Мегаобучалка Главная | О нас | Обратная связь  


Переключение генов у эукариот




У эукариот опероны отсутствуют, и система управления активностью генов более сложная. Во-первых, у эукариот включаются не три гена (или чуть больше), а целые батареи генов. Во-вторых, регуляция активности генов происходит не за счет связывания оператора с белком–репрессором, а за счет спирализации и деспирализации хромосом. В-третьих, у эукариот регуляция работы генов происходит не по принципу «да–нет», а по принципу «больше–меньше».

У прокариот регуляторные участки составляют примерно 5 % от всей ДНК, а у эукариот длина регуляторных участков соизмерима с общей длиной структурных генов. Регуляторные белки у эукариот влияют не только на работу генов в одной хромосоме, но и на активность функционально сходных генов в разных хромосомах. Например, a- и b-цепи гемоглобина кодируются генами, расположенными в разных хромосомах. Однако количество a-цепей равно количеству b-цепей. Промоторы и операторы у эукариот могут быть удалены от структурных генов на значительное расстояние.

У многоклеточных эукариот в ходе онтогенеза из исходной клетки развивается целостный организм. На разных этапах онтогенеза в разных тканях с разной интенсивностью экспрессируются разные гены. Активность генов у эукариот регулируется разнообразными эндо- и экзогенными факторами, в том числе, и гормонами. Способность исходной клетки реализовывать генетическую информацию в ходе клеточных делений и дифференцировки клеток называется тотипотентностью. У растений тотипотентны и оплодотворенные яйцеклетки, и почти все соматические клетки. У животных тотипотентна только зигота (а также некоторые клетки низших беспозвоночных). Поэтому методы клонирования животных основаны на пересадке ядер из соматических клеток в энуклеированные яйцеклетки (то есть яйцеклетки с убитым ядром).

Выключение генов может быть обратимым и необратимым. У животных существует два типа дробления зиготы: недетерминированное (дифференцировка клеток на поздних стадиях онтогенеза) и детерминированное (дифференцировка клеток на самых ранних этапах дробления зиготы). В первом случае можно пересадить ядро из клеток кишечного эпителия головастика в яйцеклетку с убитым с помощью ультрафиолетового облучения ядром. Из такой синтезированной клетки разовьется нормальная лягушка. Во втором случае клетки передней части бластодермы дрозофилы способны формировать только структуры передней части тела имаго, а клетки задней части бластодермы – только структуры задней части тела.

Структурная организация хроматина

Сохраняя преемственность в ряду клеточных поколений, хроматин в зависимости от периода и фазы клеточного цикла меняет свою организацию.

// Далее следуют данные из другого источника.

lemma obtain_minimal_syl_prod:
  assumes "h \<in> syl_at_most A B n"
  obtains ps a where "length ps = syl A B h" "set ps \<subseteq> A \<times> B" "a \<in> A" "h = syl_prod ps a"
proof -
  have "\<exists>m ps a. length ps = m \<and> set ps \<subseteq> A \<times> B \<and> a \<in> A \<and> h = syl_prod ps a"
    using assms unfolding syl_at_most_def by blast
  from LeastI_ex[OF this] show ?thesis
    using that unfolding syl_def by blast
qed

fun comp_list :: "('b \<Rightarrow> 'b) list \<Rightarrow> 'b \<Rightarrow> 'b" where
  "comp_list [] = id"
| "comp_list (f # fs) = comp_list fs \<circ> f"

lemma comp_list_append: "comp_list (fs @ gs) = comp_list gs \<circ> comp_list fs"
  by (induction fs) (simp_all add: o_assoc)

lemma comp_list_Nil: "\<forall>f \<in> set fs. f [] = [] \<Longrightarrow> comp_list fs [] = []"
  by (induction fs) simp_all

fun true_runs :: "bool list \<Rightarrow> nat" where
  "true_runs [] = 0"
| "true_runs (False # bs) = true_runs bs"
| "true_runs [True] = 1"
| "true_runs (True # True # bs) = true_runs (True # bs)"
| "true_runs (True # False # bs) = Suc (true_runs bs)"

lemma true_runs_le_count_list: "true_runs bs \<le> count_list bs True"
  by (induction bs rule: true_runs.induct) simp_all

lemma double_true_runs_le: "2 * true_runs bs \<le> length bs + 1"
  by (induction bs rule: true_runs.induct) simp_all

definition AB_word ::
    "('a \<Rightarrow> 'a) set \<Rightarrow> ('a list \<Rightarrow> 'a list) set \<Rightarrow> (('a list \<Rightarrow> 'a list) \<times> bool) list \<Rightarrow> bool" where
  "AB_word A B ws \<longleftrightarrow> (\<forall>(f, in_B) \<in> set ws. if in_B then f \<in> B else f \<in> rooted ` A)"

text \<open>The letters of g|_x coming from the syllables of ps; the flag marks those equal to b
  itself (the image of x is z), which are the letters from B.\<close>

definition sec_word ::
    "'a \<Rightarrow> (('a \<Rightarrow> 'a) \<times> ('a list \<Rightarrow> 'a list)) list \<Rightarrow> 'a \<Rightarrow> (('a list \<Rightarrow> 'a list) \<times> bool) list" where
  "sec_word z ps x = map (\<lambda>(a', b). (sec b [a' x], a' x = z)) ps"

definition hits :: "'a \<Rightarrow> (('a \<Rightarrow> 'a) \<times> 'b) list \<Rightarrow> 'a \<Rightarrow> nat" where
  "hits z ps x = length (filter (\<lambda>(a', b). a' x = z) ps)"

lemma count_list_sec_word: "count_list (map snd (sec_word z ps x)) True = hits z ps x"
  unfolding sec_word_def hits_def by (induction ps) auto

lemma hits_Cons: "hits z ((a', b) # ps) x = (if a' x = z then 1 else 0) + hits z ps x"
  unfolding hits_def by simp

lemma hits_support: "{x. hits z ps x \<noteq> 0} = (\<Union>(a', b) \<in> set ps. a' -` {z})"
  unfolding hits_def by (auto simp: filter_empty_conv)

lemma sum_hits_le:
  assumes "finite S" "\<forall>(a', b) \<in> set ps. inj a'"
  shows "(\<Sum>x\<in>S. hits z ps x) \<le> length ps"
  using assms(2)
proof (induction ps)
  case Nil
  then show ?case by (simp add: hits_def)
next
  case (Cons p ps)
  obtain a' b where p: "p = (a', b)" and "inj a'"
    using Cons.prems by auto
  have "card {x \<in> S. a' x = z} \<le> Suc 0"
    using assms(1) \<open>inj a'\<close> by (auto simp: card_le_Suc0_iff_eq dest: injD)
  then have "(\<Sum>x\<in>S. if a' x = z then 1 else 0) \<le> (1 :: nat)"
    using assms(1) by (simp add: sum.inter_filter[symmetric])
  moreover have "(\<Sum>x\<in>S. hits z ps x) \<le> length ps"
    using Cons by simp
  ultimately show ?case
    by (simp add: p hits_Cons sum.distrib)
qed
theorem theorem1:
  fixes U :: "(real^2) set" and V :: "real set"
    and h l2 n2 :: "real^2 \<Rightarrow> real" and \<alpha> A \<beta> :: "real \<Rightarrow> real"
  assumes "open U" and "smooth_on U h" and "\<forall>u\<in>U. h u > 0"
    and "open V" and "smooth_on V \<alpha>" and "\<forall>z\<in>V. \<alpha> z \<noteq> 0"
    and "\<forall>z\<in>V. (A has_real_derivative \<alpha> z) (at z)"
    and "\<forall>z\<in>V. \<beta> z * \<alpha> z = exp (A z)"
    and "smooth_on U l2" and "smooth_on U n2"
    and "\<forall>u\<in>U. frechet_derivative n2 (at u) (axis 1 1) - frechet_derivative l2 (at u) (axis 2 1)
               = (h u)\<^sup>2"
  defines "M \<equiv> {p :: real^4. xy p \<in> U \<and> p$3 \<in> V}"
    and "g \<equiv> gmet h A \<beta> l2 n2"
  shows "(\<exists>Jb. kahler_on M g Jb \<and>
            (\<forall>p\<in>M. \<forall>i j. kahler_form g Jb p i j
               = omegaSigmaA h A p i j + wedge11 theta4 (theta3 \<beta> l2 n2) p i j))
       \<and> (\<exists>J. hermitian_on M g J \<and>
            (\<forall>p\<in>M. \<forall>i j. kahler_form g J p i j
               = omegaSigmaA h A p i j + wedge11 (theta3 \<beta> l2 n2) theta4 p i j)
            \<and> ricci_J_invariant_on M g J
            \<and> lck_on M g J
            \<and> is_lee_form_on M g J (\<lambda>p i. - \<alpha> (p$3) * theta4 p i))
       \<and> (\<forall>p\<in>M. scalar_curv g p =
            2 * (- laplacian2 (\<lambda>u. ln (h u)) (xy p) * exp (A (p$3)) / (h (xy p))\<^sup>2
                 - 2 * (\<alpha> (p$3))\<^sup>2 + 2 * deriv \<alpha> (p$3)
                 + deriv (deriv \<beta>) (p$3) / \<beta> (p$3)
                 - 2 * (deriv \<beta> (p$3) / \<beta> (p$3))\<^sup>2))"
proof -
  interpret kahler_lck_data U V h l2 n2 \<alpha> A \<beta>
    by unfold_locales (use assms in auto)
  have M: "M = Mspace" and g: "g = gM"
    unfolding M_def Mspace_def g_def gM_def by simp_all
  show ?thesis
    unfolding M g
    using kahler_Jbar kahler_form_Jbar hermitian_Jstr[of 1] kahler_form_J lck_J
      Ricci_Jstr_invariant kahler_form_J_lee scalar_curv_gM
    unfolding ricci_J_invariant_on_def is_lee_form_on_def by auto
qed

end
definition incr_lists :: "nat \<Rightarrow> nat list set" where
  "incr_lists k = {I. sorted_wrt (<) I \<and> length I = k \<and> set I \<subseteq> {..<7}}"

definition vec_act :: "vec7 \<Rightarrow> spinor \<Rightarrow> spinor" where
  "vec_act X \<psi> = (\<lambda>k. \<Sum>i<7. X i * cliff i \<psi> k)"

definition form_act :: "nat \<Rightarrow> form \<Rightarrow> spinor \<Rightarrow> spinor" where
  "form_act k F \<psi> = (\<lambda>m. \<Sum>I\<in>incr_lists k. F I * cliff_list I \<psi> m)"

definition interior :: "vec7 \<Rightarrow> form \<Rightarrow> form" where
  "interior X F = (\<lambda>I. \<Sum>i<7. X i * F (i # I))"

definition wedge1 :: "vec7 \<Rightarrow> form \<Rightarrow> form" where
  "wedge1 X F = (\<lambda>I. \<Sum>t<length I. (-1)^t * X (I ! t) * F (take t I @ drop (Suc t) I))"

definition levi :: "nat list \<Rightarrow> real" where
  "levi xs = (if length xs = 7 \<and> distinct xs \<and> set xs = {..<7}
     then (-1) ^ card {(i,j). i < j \<and> j < length xs \<and> xs ! j < xs ! i} else 0)"

definition hodge :: "nat \<Rightarrow> form \<Rightarrow> form" where
  "hodge k \<alpha> = (\<lambda>J. \<Sum>I\<in>incr_lists k. \<alpha> I * levi (I @ J))"

definition omega3 :: "spinor \<Rightarrow> form" where
  "omega3 \<Psi> = (\<lambda>I. - sp_inner (cliff_list I \<Psi>) \<Psi>)"

definition admissible :: "real \<Rightarrow> real \<Rightarrow> spinor \<Rightarrow> form \<Rightarrow> form \<Rightarrow> bool" where
  "admissible p q \<Psi> T F \<longleftrightarrow>
     (\<forall>X :: vec7. sp_zero (\<lambda>m. vec_act X \<Psi> m
         + 1/4 * form_act 2 (interior X T) \<Psi> m
         + p * form_act 3 (interior X F) \<Psi> m
         + q * form_act 5 (wedge1 X F) \<Psi> m))"

end

theory Submission
  imports Defs
begin

(* For a unit spinor Psi, the three contractions of omega^3 and *omega^3 with a vector X act on
   Psi as multiples of Clifford multiplication by X:
     (X _| omega^3).Psi = 3 X.Psi,   (X _| *omega^3).Psi = 4 X.Psi,   (X ^ *omega^3).Psi = -3 X.Psi.
   So for T = a omega^3 and F = f *omega^3 the admissibility equation reads
   (1 + 3a/4 + 4pf - 3qf) X.Psi = 0, and as Clifford multiplication by a unit vector is an
   isometry, the coefficient has to vanish.  The three identities are cubic polynomial identities
   in the components of Psi and are checked on basis vectors in the octonionic realization of
   Delta_7; the Hodge star only has to be tabulated on sorted index lists, because the
   Levi-Civita symbol is alternating. *)

fun incr_lists_from :: "nat \<Rightarrow> nat \<Rightarrow> nat list list" where
  "incr_lists_from n 0 = [[]]"
| "incr_lists_from n (Suc k) = List.bind [n..<7] (\<lambda>x. map ((#) x) (incr_lists_from (Suc x) k))"

lemma set_incr_lists_from:
  "set (incr_lists_from n k) = {I. sorted_wrt (<) I \<and> length I = k \<and> set I \<subseteq> {n..<7}}"
proof (induction k arbitrary: n)
  case 0
  then show ?case by auto
next
  case (Suc k)
  show ?case
  proof (intro set_eqI iffI)
    fix I assume "I \<in> set (incr_lists_from n (Suc k))"
    then show "I \<in> {I. sorted_wrt (<) I \<and> length I = Suc k \<and> set I \<subseteq> {n..<7}}"
      using Suc by (fastforce simp: set_list_bind)
  next
    fix I assume "I \<in> {I. sorted_wrt (<) I \<and> length I = Suc k \<and> set I \<subseteq> {n..<7}}"
    then obtain x J where I: "I = x # J" and x: "n \<le> x" "x < 7"
      and "sorted_wrt (<) J" "length J = k" "set J \<subseteq> {Suc x..<7}"
      by (cases I) (auto simp: Suc_le_eq subset_iff)
    then have "J \<in> set (incr_lists_from (Suc x) k)"
      using Suc by simp
    then show "I \<in> set (incr_lists_from n (Suc k))"
      using I x by (auto simp: set_list_bind)
  qed
qed
text \<open>Let \<open>L\<close> be the diagonal projection onto the pendant vertices. Two pendant vertices are
  never adjacent, so \<open>LAL = 0\<close>; a pendant vertex has a unique neighbour, so \<open>ALA\<close> is diagonal,
  and its diagonal entry at a vertex is the sum of the squared weights of the pendant edges there,
  positive exactly at the non-pendant vertices. Let \<open>D\<close> invert \<open>ALA\<close> on the non-pendant
  vertices and vanish on the pendant ones, and put \<open>P = LAD\<close>, \<open>Q = DAL\<close>. Then
  \<open>X = P + Q - PAQ\<close> satisfies \<open>AX = XA = I - L + PAL\<close>, and \<open>AXA = A\<close>, \<open>XAX = X\<close> follow,
  so \<open>X\<close> is the group inverse.

  A tree is bipartite. Let \<open>S\<close> carry the sign of the colour class, flipped at the pendant
  vertices. Then the two ends of a pendant edge get equal signs and the two ends of any other edge
  opposite signs, so conjugation by \<open>S\<close> fixes \<open>P\<close> and \<open>Q\<close> and negates \<open>DAD\<close>. As
  \<open>PAQ = LA(DAD)AL\<close>, this gives \<open>SXS = P + Q + PAQ\<close>, which is nonnegative when the weights are.\<close>

section \<open>Walks and bipartiteness of trees\<close>

definition walk :: "('a \<Rightarrow> 'a \<Rightarrow> bool) \<Rightarrow> (nat \<Rightarrow> 'a) \<Rightarrow> nat \<Rightarrow> bool" where
  "walk R f k \<longleftrightarrow> (\<forall>i<k. R (f i) (f (Suc i)))"
lemma sum_T_divisors:
  assumes "q > 0"
  shows "of_nat q * of_nat (M k s a q) = of_nat (totient q) ^ s * (\<Sum>d | d dvd q. T k s a d)"
proof -
  have "of_nat q * of_nat (M k s a q) = (\<Sum>r\<in>{0<..q}. \<Prod>j\<in>{1..s}. W k q (a j * int r))"
    using sum_prod_W_eq_M[OF assms] by (simp add: atLeastSucAtMost_greaterThanAtMost[symmetric])
  also have "\<dots> = (\<Sum>g | g dvd q. \<Sum>r | r \<in> {0<..q} \<and> gcd r q = g. \<Prod>j\<in>{1..s}. W k q (a j * int r))"
    using assms by (intro sum.group[symmetric]) auto
  also have "\<dots> = (\<Sum>g | g dvd q. of_nat (totient q) ^ s * T k s a (q div g))"
    by (intro sum.cong refl sum_prod_W_gcd_eq) (use assms in auto)
  also have "\<dots> = of_nat (totient q) ^ s * (\<Sum>g | g dvd q. T k s a (q div g))"
    by (simp add: sum_distrib_left)
  also have "(\<Sum>g | g dvd q. T k s a (q div g)) = (\<Sum>d | d dvd q. T k s a d)"
    using assms by (intro sum.reindex_bij_witness[of _ "\<lambda>g. q div g" "\<lambda>g. q div g"])
      (auto elim!: dvdE)
  finally show ?thesis .
qed

definition local_density :: "nat \<Rightarrow> nat \<Rightarrow> (nat \<Rightarrow> int) \<Rightarrow> nat \<Rightarrow> real" where
  "local_density k s a q = real q * real (M k s a q) / real (totient q) ^ s"

lemma local_density_eq_sum_T:
  assumes "q > 0"
  shows "complex_of_real (local_density k s a q) = (\<Sum>d | d dvd q. T k s a d)"
  using sum_T_divisors[OF assms, of k s a] assms by (simp add: local_density_def field_simps)

lemma chi_seq_eq_local_density: "chi_seq k s a p n = local_density k s a (p ^ n)"
  by (simp add: chi_seq_def local_density_def field_simps)

lemma local_density_nonneg: "local_density k s a q \<ge> 0"
  by (simp add: local_density_def)

section \<open>Multiplicativity\<close>

definition multiplicative :: "(nat \<Rightarrow> 'a::comm_monoid_mult) \<Rightarrow> bool" where
  "multiplicative f \<longleftrightarrow> (\<forall>m n. coprime m n \<longrightarrow> m > 0 \<longrightarrow> n > 0 \<longrightarrow> f (m * n) = f m * f n)"

lemma multiplicativeD:
  "multiplicative f \<Longrightarrow> coprime m n \<Longrightarrow> m > 0 \<Longrightarrow> n > 0 \<Longrightarrow> f (m * n) = f m * f n"
  by (simp add: multiplicative_def)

В интерфазе при световой микроскопии он выявляется в виде глыбок, рассеянных в нуклеоплазме ядра. При переходе клетки к митозу, особенно в метафазе, хроматин приобретает вид хорошо различимых отдельных интенсивно окрашенных телец — хромосом.

Интерфазную и метафазную формы существования хроматина расценивают как два полярных варианта его структурной организации, связанных в митотическом цикле взаимопереходами. В пользу такой оценки свидетельствуют данные электронной микроскопии о том, что в основе как интерфазной, так и метафазной формы лежит одна и та же элементарная нитчатая структура. В процессе электронно-микроскопических и физико-химических исследований в составе интерфазного хроматина и метафазных хромосом были выявлены нити (фибриллы) диаметром 3,0—5,0, 10, 20—30 нм. Полезно вспомнить, что диаметр двойной спирали ДНК составляет примерно 2 нм, диаметр нитчатой структуры интерфазного хроматина равен 100—200, а диаметр одной из сестринских хроматид метафазной хромосомы — 500— 600 нм.

Наиболее распространенной является точка зрения, согласно которой хроматин (хромосома) представляет собой спирализованную нить. При этом выделяется несколько уровней спирализации (компак-тизации) хроматина (табл. 3.2).

Таблица 3.2. Последовательные уровни компактизации хроматина

Фибрилла Степень укорочения Диаметр, нм
по сравнению с предшествующей структурой по сравнению с молекулой ДНК
ДНК 1—2
Нуклесомная нить
Элементарная хроматиновая фибрилла 20—30
Интерфазная хромонема 100—200
Метафазная хроматида 500—600

Рис. 3.46. Нуклеосомная организация хроматина.

А — деконденсированная форма хроматина;

Б — электронная микрофотография эукариотического хроматина:

А — молекула ДНК накручена на белковые коры;

Б — хроматин представлен нуклеосомами, соединенными линкерной ДНК

Нуклеосомиая нить. Этот уровень организации хроматина обеспечивается четырьмя видами нуклеосомных гистонов: Н2А, Н2В, НЗ, Н4. Они образуют напоминающие по форме шайбу белковые тела — коры, состоящие из восьми молекул (по две молекулы каждого вида гистонов) (рис. 3.46).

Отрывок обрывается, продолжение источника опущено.